- Born: Michael Leland Crowley April 1, 1972 (age 54)
- Education: Yale University (1994)
- Occupation: Journalist
- Spouse: Sarah Haight ​(m. 2013)​

= Michael Crowley (journalist) =

American journalist

Michael Leland Crowley (born 1 April 1972) is an American journalist who is White House correspondent for The New York Times.

From 2010 to 2014, he served as the senior foreign affairs correspondent and deputy Washington, D.C. bureau chief for Time magazine, and was senior foreign affairs correspondent for Politico. Until May 2019, he was White House and national security editor for Politico.

==Early life==
Crowley grew up in New Haven, Connecticut. His father, Joseph D. Crowley, is the president of a petroleum and dry-cargo storage at New Haven Harbor, while his mother, Phyllis F. Crowley, is a landscape and portrait photographer.

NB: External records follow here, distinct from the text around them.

theorem theorem4:
  fixes m n :: nat and H :: "nat \<Rightarrow> nat \<Rightarrow> bool"
    and \<gamma> x :: "nat \<Rightarrow> real"
  assumes "unique_LP_optimum m n H \<gamma> x"
  shows "\<forall>C \<in> graph_components (frac_vertices m n H x) (frac_adj m n H x).
           has_cycle_in (frac_adj m n H x) C"
proof (rule ballI, rule ccontr)
  fix C assume C: "C \<in> graph_components (frac_vertices m n H x) (frac_adj m n H x)"
    and acyclic: "\<not> has_cycle_in (frac_adj m n H x) C"
  have "x \<in> fundamental_polytope m n H"
    using assms by (simp add: unique_LP_optimum_def)
  then obtain d v
    where ker: "check_kernel (frac_adj m n H x) (tight_signs n H x) (C \<inter> range Inl) (C \<inter> range Inr) d"
      and "v \<in> C \<inter> range Inl" and "d v \<noteq> 0"
    using acyclic_frac_cluster_kernel[OF C _ acyclic] by blast
  then obtain i where "v = Inl i" and "i < n" using frac_cluster_var[OF C] by blast
  moreover have "\<forall>i<n. d (Inl i) = 0"
    using unique_LP_optimum_face_direction_zero[OF assms]
      frac_cluster_kernel_face_direction[OF C \<open>x \<in> fundamental_polytope m n H\<close> ker] by blast
  ultimately show False using \<open>d v \<noteq> 0\<close> by simp
qed

end
lemma payoffs_not_above_sigma:
  assumes "16/9 \<le> U L1" "1/9 \<le> U L2" "16/9 \<le> W R1" "1/9 \<le> W R2"
  shows "U L1 = 16/9 \<and> U L2 = 1/9 \<and> W R1 = 16/9 \<and> W R2 = 1/9"
proof (cases "\<exists>A A'. miscoordinated A A'")
  case True
  then obtain A A' where mis: "miscoordinated A A'" by blast
  note mis' = mis[unfolded miscoordinated_def]
  have XA: "X A > 0" and YA': "Y A' > 0"
    using mis' X_eq[of A] Y_eq[of A'] strategy_bounds(1)[of L2 A] strategy_bounds(2)[of R2 A']
    by simp_all
  let ?L = "Y (oth A') > 0 \<and> Q A (oth A') = Y (oth A') \<and> P A (oth A') = X A"
  let ?R = "X (oth A) > 0 \<and> Q (oth A) A' = 0 \<and> P (oth A) A' = 0"
  have "?R \<Longrightarrow> Y A' + Y (oth A') / 9 \<le> U L2"
    using L_payoff_ge[where t=L2 and n="oth A" and n'=A'] value_bounds(3)[of "oth A" "oth A'"]
      mass_bounds[where n="oth A" and n'=A'] by (simp add: best_mass_pay_ex)
  then have "?R \<Longrightarrow> U L2 \<noteq> 1/9" using YA' Y_sum[of A'] by auto
  moreover have "?L \<Longrightarrow> X A + X (oth A) / 9 \<le> W R2"
    using R_payoff_ge[where t=R2 and n=A and n'="oth A'"] value_bounds(4)[of "oth A" "oth A'"]
      mass_bounds[where n=A and n'="oth A'"] by (simp add: best_mass_pay_ex)
  then have "?L \<Longrightarrow> W R2 \<noteq> 1/9" using XA X_sum[of A] by auto
  ultimately show ?thesis
    using L_payoffs_beside_miscoordinated[OF mis assms(1,2)]
      R_payoffs_beside_miscoordinated[OF mis assms(3,4)]
      not_coordinated_beside_miscoordinated[OF mis] by blast
next
  case False
  then have "U L1 / 9 + 8 * U L2 / 9 + W R1 / 9 + 8 * W R2 / 9 = 3" "U L1 \<le> U L2" "W R1 \<le> W R2"
    using welfare L2_payoff_ge_L1 R2_payoff_ge_R1 by blast+
  then show ?thesis using assms by linarith
qed

end

lemma CP_retrump_after_mL_mR:
  assumes trumps: "CP_trumps u_ex \<tau>1 \<tau>2 sigma_ex sigma_ex F_ex F_ex mL mR"
  shows "\<exists>\<rho>1 \<rho>2 n n'. CP_trumps u_ex \<rho>1 \<rho>2 \<tau>1 \<tau>2 postL postR n n'"
proof (rule ccontr)
  assume no_retrump: "\<not> ?thesis"
  have "is_eq u_ex postL postR \<tau>1 \<tau>2" using trumps by (simp add: CP_trumps_def post_sigma_ex)
  then interpret pooling_proof \<tau>1 \<tau>2 using no_retrump by unfold_locales blast+
  have "16/9 \<le> U L1" "1/9 \<le> U L2" "16/9 \<le> W R1" "1/9 \<le> W R2"
    and "16/9 < U L1 \<or> 1/9 < U L2 \<or> 16/9 < W R1 \<or> 1/9 < W R2"
    using trumps by (simp_all add: CP_trumps_def post_sigma_ex all_ex_type ex_ex_type pc_pay_sigma_ex)
  then show False using payoffs_not_above_sigma by linarith
qed

lemma weakly_CP_sigma_ex: "weakly_CP u_ex F_ex sigma_ex"
  unfolding weakly_CP_def
proof (intro conjI allI impI sigma_ex_eq)
  fix \<tau>1 \<tau>2 m m'
  assume trumps: "CP_trumps u_ex \<tau>1 \<tau>2 sigma_ex sigma_ex F_ex F_ex m m'"
  show "\<exists>\<rho>1 \<rho>2 n n'. CP_trumps u_ex \<rho>1 \<rho>2 \<tau>1 \<tau>2 (post F_ex sigma_ex m) (post F_ex sigma_ex m') n n'"
  proof (cases m; cases m')
    assume "m = mL" "m' = mR"
    then show ?thesis using CP_retrump_after_mL_mR trumps by (simp add: post_sigma_ex)
  next
    assume m: "m = mR" "m' = mL"
    then have "CP_trumps u_ex \<tau>2 \<tau>1 sigma_ex sigma_ex F_ex F_ex mL mR"
      using CP_trumps_swap[OF trumps] by simp
    then obtain \<rho>1 \<rho>2 n n' where "CP_trumps u_ex \<rho>1 \<rho>2 \<tau>2 \<tau>1 postL postR n n'"
      using CP_retrump_after_mL_mR by blast
    then have "CP_trumps u_ex \<rho>2 \<rho>1 \<tau>1 \<tau>2 postR postL n' n" by (rule CP_trumps_swap)
    then show ?thesis unfolding m post_sigma_ex by blast
  qed (use trumps no_CP_trumps_sigma_ex_coordinated in simp_all)
qed

lemma miscoord_prob_sigma_ex: "miscoord_prob F_ex F_ex sigma_ex sigma_ex mL mR > 0"
  by (simp add: miscoord_prob_def post_sigma_ex sum_ex_type, simp add: sigma_ex_def)

theorem mainTheorem14:
  shows "is_eq u_ex F_ex F_ex sigma_ex sigma_ex \<and>
         weakly_CP u_ex F_ex sigma_ex \<and>
         \<not> strongly_CP u_ex F_ex sigma_ex \<and>
         miscoord_prob F_ex F_ex sigma_ex sigma_ex mL mR > 0"
  using sigma_ex_eq weakly_CP_sigma_ex not_strongly_CP_sigma_ex miscoord_prob_sigma_ex by blast

end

Crowley graduated from Yale University in 1994.

==Career==
From 2010 to 2014, Crowley was a writer, editor, and senior foreign affairs correspondent for Time, serving as the deputy Washington, D.C., bureau chief. From 2000 to 2010, he was a writer for The New Republic, where he covered domestic politics and foreign policy. He was also a reporter at the Boston Globe and the Boston Phoenix.

His work has also been published in The New York Times, The Atlantic, GQ, New York, and Slate.

He often appears on PBS, NPR, and MS NOW.

Crowley has reported from many countries including Iraq, China, Israel, Pakistan, Afghanistan, Egypt, Mexico, Saudi Arabia, Turkey, Lebanon, Germany, and Ukraine.

==Personal life==
In a 2006 dispute between Crowley and Michael Crichton, Crowley alleged that after he wrote an unflattering review of Crichton's novel State of Fear, Crichton included a character named "Mick Crowley" in the novel Next. The character is a child rapist, described as being a Washington, D.C.–based journalist and Yale graduate with a small penis, and is therefore noted as the variant of the roman à clef called the small penis rule.

In 2013 Crowley married Sarah McDonald Haight in Lenox, Massachusetts. Haight is a program manager for the nonprofit Aspen Institute in Washington, D.C.